──────── GIVEN RECORDS ────────

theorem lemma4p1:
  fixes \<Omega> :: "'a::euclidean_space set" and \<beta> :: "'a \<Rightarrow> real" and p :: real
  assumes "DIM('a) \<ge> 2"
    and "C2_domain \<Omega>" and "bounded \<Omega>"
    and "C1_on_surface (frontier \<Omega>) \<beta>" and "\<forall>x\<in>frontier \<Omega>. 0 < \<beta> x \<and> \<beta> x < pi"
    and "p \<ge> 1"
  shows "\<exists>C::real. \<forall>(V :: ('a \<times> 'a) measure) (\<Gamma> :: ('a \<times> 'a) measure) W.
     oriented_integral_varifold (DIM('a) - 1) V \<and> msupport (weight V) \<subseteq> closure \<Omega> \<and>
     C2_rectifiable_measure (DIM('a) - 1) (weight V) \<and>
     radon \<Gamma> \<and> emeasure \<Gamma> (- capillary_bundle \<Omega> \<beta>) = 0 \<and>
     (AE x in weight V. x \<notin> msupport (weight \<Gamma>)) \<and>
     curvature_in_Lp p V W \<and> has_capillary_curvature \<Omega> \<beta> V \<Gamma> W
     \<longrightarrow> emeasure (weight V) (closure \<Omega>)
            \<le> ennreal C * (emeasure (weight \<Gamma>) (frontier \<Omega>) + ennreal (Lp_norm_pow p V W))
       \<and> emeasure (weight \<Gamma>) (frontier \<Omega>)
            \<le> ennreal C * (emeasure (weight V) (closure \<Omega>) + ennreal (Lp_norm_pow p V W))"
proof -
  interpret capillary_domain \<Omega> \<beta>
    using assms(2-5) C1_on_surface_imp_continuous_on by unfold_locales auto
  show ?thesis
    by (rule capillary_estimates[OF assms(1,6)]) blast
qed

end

────────
──────── GIVEN RECORDS ────────

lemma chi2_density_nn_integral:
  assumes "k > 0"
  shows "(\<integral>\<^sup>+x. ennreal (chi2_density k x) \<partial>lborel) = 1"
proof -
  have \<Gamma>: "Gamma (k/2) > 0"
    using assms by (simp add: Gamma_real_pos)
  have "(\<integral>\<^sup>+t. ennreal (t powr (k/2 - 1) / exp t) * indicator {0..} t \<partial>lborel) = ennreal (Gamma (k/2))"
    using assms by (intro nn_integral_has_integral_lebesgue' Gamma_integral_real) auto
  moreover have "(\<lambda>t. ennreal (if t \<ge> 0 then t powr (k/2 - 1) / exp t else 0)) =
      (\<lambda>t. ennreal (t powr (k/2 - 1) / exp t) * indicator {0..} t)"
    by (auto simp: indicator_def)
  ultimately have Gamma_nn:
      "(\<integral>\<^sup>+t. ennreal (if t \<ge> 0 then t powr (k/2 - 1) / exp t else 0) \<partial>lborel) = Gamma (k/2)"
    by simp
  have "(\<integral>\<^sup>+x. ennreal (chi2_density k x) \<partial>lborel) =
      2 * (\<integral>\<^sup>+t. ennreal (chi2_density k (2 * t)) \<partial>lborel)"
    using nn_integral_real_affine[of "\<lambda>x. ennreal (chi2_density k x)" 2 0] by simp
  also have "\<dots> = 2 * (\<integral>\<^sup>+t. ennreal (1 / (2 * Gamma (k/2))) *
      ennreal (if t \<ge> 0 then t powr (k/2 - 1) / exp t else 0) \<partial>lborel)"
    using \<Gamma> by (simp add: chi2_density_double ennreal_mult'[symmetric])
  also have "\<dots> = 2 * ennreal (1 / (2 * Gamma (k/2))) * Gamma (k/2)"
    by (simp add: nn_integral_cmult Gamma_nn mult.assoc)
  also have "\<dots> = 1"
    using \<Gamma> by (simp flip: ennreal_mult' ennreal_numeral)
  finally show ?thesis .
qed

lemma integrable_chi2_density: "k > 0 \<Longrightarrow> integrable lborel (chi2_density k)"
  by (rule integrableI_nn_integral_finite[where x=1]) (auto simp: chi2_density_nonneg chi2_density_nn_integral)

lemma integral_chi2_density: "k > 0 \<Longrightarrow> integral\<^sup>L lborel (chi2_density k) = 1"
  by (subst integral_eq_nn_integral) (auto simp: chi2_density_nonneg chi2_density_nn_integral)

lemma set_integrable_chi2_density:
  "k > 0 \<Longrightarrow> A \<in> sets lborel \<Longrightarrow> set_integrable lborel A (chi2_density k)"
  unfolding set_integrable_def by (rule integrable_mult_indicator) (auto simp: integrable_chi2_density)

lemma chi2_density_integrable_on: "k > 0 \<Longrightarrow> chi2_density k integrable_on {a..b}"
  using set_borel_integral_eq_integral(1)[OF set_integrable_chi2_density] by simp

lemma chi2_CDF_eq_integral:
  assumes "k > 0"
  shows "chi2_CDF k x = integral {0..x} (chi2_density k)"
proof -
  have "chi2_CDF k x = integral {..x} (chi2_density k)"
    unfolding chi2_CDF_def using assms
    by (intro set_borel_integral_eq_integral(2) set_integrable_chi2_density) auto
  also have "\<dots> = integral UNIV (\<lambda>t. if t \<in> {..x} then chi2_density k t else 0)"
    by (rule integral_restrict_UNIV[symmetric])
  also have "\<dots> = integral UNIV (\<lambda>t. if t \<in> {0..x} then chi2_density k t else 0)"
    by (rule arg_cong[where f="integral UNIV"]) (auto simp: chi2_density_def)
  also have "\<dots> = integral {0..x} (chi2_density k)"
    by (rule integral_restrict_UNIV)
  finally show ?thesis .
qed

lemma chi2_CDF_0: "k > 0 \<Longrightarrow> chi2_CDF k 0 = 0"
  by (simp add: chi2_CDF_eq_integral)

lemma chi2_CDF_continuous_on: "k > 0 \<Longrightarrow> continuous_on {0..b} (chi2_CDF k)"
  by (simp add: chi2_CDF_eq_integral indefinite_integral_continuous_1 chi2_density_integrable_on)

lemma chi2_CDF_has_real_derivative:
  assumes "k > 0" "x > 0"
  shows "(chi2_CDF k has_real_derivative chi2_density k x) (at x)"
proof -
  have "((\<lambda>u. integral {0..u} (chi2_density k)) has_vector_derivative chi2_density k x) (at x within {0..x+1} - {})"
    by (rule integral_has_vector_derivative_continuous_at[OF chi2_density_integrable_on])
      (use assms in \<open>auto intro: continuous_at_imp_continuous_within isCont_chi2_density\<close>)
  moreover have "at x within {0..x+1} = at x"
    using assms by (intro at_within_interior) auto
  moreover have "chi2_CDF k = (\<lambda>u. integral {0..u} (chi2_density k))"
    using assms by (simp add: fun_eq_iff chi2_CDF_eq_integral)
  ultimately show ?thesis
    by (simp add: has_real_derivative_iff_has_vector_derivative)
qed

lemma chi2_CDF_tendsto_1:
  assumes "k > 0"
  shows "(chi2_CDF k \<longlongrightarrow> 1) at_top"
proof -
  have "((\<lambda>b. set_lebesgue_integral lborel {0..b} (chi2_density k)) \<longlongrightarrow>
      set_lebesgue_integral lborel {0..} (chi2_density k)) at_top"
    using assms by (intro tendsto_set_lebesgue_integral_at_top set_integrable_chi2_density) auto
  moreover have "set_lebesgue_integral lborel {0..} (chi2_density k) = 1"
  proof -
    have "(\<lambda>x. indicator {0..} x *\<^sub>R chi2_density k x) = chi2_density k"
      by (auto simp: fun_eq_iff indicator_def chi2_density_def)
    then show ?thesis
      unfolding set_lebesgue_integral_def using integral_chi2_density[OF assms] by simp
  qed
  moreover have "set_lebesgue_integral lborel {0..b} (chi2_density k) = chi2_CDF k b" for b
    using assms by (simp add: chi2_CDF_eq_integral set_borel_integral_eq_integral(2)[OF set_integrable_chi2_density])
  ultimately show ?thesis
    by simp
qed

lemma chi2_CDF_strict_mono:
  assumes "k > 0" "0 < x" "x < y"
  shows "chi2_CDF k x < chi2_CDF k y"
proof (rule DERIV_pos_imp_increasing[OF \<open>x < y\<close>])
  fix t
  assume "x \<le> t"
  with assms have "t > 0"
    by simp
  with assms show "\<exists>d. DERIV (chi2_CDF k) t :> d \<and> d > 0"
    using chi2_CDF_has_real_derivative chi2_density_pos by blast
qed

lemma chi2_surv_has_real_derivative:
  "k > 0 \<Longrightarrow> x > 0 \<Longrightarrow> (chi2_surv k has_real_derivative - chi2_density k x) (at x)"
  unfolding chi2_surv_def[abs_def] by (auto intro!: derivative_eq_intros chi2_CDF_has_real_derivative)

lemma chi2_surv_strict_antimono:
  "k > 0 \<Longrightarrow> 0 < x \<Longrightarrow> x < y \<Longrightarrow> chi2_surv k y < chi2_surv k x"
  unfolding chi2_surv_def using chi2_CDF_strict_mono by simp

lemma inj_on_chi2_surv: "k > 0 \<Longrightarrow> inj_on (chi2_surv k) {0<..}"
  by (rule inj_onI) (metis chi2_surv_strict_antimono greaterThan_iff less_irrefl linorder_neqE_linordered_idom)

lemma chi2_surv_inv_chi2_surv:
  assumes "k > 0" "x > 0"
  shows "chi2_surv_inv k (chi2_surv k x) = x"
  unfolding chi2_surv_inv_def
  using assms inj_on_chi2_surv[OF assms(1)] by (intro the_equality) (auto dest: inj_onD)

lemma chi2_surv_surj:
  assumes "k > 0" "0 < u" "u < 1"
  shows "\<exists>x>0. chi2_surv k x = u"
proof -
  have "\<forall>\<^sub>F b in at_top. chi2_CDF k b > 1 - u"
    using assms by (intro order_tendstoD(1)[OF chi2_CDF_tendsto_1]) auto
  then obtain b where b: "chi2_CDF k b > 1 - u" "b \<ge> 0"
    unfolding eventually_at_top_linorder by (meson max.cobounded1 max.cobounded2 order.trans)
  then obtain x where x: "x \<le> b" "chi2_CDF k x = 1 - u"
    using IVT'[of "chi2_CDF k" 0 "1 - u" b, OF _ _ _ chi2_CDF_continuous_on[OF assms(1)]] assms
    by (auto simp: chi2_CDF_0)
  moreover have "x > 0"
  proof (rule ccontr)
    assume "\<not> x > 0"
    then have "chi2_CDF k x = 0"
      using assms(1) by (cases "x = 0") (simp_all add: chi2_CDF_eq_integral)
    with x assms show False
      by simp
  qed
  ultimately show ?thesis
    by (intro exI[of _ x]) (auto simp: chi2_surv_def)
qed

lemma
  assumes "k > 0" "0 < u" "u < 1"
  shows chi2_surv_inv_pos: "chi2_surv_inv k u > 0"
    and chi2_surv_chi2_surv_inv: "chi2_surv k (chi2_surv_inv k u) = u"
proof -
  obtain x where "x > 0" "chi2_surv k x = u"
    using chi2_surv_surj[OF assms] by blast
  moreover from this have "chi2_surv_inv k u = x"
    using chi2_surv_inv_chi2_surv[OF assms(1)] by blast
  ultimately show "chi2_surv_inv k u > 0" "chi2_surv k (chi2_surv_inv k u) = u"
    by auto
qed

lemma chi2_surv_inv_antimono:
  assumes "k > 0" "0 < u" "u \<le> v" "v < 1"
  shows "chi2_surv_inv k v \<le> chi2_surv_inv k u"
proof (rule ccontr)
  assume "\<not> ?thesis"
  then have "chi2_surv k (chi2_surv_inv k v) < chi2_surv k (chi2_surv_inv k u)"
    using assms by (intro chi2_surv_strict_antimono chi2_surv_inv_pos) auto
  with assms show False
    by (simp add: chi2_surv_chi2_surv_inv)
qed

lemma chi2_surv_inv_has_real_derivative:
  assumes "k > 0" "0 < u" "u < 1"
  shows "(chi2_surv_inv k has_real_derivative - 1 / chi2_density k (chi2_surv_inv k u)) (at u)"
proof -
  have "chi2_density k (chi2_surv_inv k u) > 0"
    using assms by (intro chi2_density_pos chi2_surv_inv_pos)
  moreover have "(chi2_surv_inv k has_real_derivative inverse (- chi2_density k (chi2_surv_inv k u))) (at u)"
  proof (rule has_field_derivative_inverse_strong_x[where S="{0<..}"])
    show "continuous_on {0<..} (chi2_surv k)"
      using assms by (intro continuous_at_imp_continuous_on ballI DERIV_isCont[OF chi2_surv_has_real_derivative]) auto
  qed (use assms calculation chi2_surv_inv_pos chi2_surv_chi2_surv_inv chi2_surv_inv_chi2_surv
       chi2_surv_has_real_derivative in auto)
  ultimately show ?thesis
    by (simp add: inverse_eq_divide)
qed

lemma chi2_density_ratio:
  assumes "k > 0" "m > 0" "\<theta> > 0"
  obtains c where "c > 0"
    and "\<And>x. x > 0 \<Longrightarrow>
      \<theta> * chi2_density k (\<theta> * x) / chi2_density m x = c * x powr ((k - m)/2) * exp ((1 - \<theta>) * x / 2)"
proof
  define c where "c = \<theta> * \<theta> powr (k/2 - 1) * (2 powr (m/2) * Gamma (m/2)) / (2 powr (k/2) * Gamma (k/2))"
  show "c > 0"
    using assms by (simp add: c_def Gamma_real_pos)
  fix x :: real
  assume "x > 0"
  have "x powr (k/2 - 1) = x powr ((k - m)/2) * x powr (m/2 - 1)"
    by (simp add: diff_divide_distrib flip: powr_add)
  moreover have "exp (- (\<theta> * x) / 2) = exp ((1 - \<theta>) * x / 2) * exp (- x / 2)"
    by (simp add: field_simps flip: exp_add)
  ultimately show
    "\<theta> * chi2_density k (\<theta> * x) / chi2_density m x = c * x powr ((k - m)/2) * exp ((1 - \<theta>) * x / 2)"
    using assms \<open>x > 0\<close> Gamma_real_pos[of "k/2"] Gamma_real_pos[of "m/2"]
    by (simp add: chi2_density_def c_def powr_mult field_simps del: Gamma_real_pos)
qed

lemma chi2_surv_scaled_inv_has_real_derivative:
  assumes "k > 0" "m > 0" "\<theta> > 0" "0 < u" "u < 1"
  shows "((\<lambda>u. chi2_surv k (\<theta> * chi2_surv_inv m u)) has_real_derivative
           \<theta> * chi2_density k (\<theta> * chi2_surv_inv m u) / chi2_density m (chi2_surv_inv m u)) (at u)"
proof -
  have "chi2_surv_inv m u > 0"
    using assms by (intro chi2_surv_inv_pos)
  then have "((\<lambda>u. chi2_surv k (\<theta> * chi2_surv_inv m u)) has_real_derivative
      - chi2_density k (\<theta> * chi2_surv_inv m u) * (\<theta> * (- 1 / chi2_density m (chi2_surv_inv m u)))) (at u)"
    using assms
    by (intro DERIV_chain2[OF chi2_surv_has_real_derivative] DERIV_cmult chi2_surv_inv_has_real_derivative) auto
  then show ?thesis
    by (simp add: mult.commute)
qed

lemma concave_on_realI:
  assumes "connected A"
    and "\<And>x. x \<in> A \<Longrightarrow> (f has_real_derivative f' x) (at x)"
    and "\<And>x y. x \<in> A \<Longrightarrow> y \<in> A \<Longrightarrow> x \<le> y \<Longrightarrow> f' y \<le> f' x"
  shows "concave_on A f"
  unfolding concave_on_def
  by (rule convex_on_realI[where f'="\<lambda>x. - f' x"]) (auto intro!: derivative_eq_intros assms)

────────

WHAT IS BEING ASKED: Look above for the line with "0 \<Longrightarrow> integrable" and the line with "by (simp add: chi2_CDF_eq_integral)", and reproduce exactly those two lines plus every line between, nothing more.

EXERCISE ANSWER:
lemma integrable_chi2_density: "k > 0 \<Longrightarrow> integrable lborel (chi2_density k)"
  by (rule integrableI_nn_integral_finite[where x=1]) (auto simp: chi2_density_nonneg chi2_density_nn_integral)

lemma integral_chi2_density: "k > 0 \<Longrightarrow> integral\<^sup>L lborel (chi2_density k) = 1"
  by (subst integral_eq_nn_integral) (auto simp: chi2_density_nonneg chi2_density_nn_integral)

lemma set_integrable_chi2_density:
  "k > 0 \<Longrightarrow> A \<in> sets lborel \<Longrightarrow> set_integrable lborel A (chi2_density k)"
  unfolding set_integrable_def by (rule integrable_mult_indicator) (auto simp: integrable_chi2_density)

lemma chi2_density_integrable_on: "k > 0 \<Longrightarrow> chi2_density k integrable_on {a..b}"
  using set_borel_integral_eq_integral(1)[OF set_integrable_chi2_density] by simp

lemma chi2_CDF_eq_integral:
  assumes "k > 0"
  shows "chi2_CDF k x = integral {0..x} (chi2_density k)"
proof -
  have "chi2_CDF k x = integral {..x} (chi2_density k)"
    unfolding chi2_CDF_def using assms
    by (intro set_borel_integral_eq_integral(2) set_integrable_chi2_density) auto
  also have "\<dots> = integral UNIV (\<lambda>t. if t \<in> {..x} then chi2_density k t else 0)"
    by (rule integral_restrict_UNIV[symmetric])
  also have "\<dots> = integral UNIV (\<lambda>t. if t \<in> {0..x} then chi2_density k t else 0)"
    by (rule arg_cong[where f="integral UNIV"]) (auto simp: chi2_density_def)
  also have "\<dots> = integral {0..x} (chi2_density k)"
    by (rule integral_restrict_UNIV)
  finally show ?thesis .
qed

lemma chi2_CDF_0: "k > 0 \<Longrightarrow> chi2_CDF k 0 = 0"
  by (simp add: chi2_CDF_eq_integral)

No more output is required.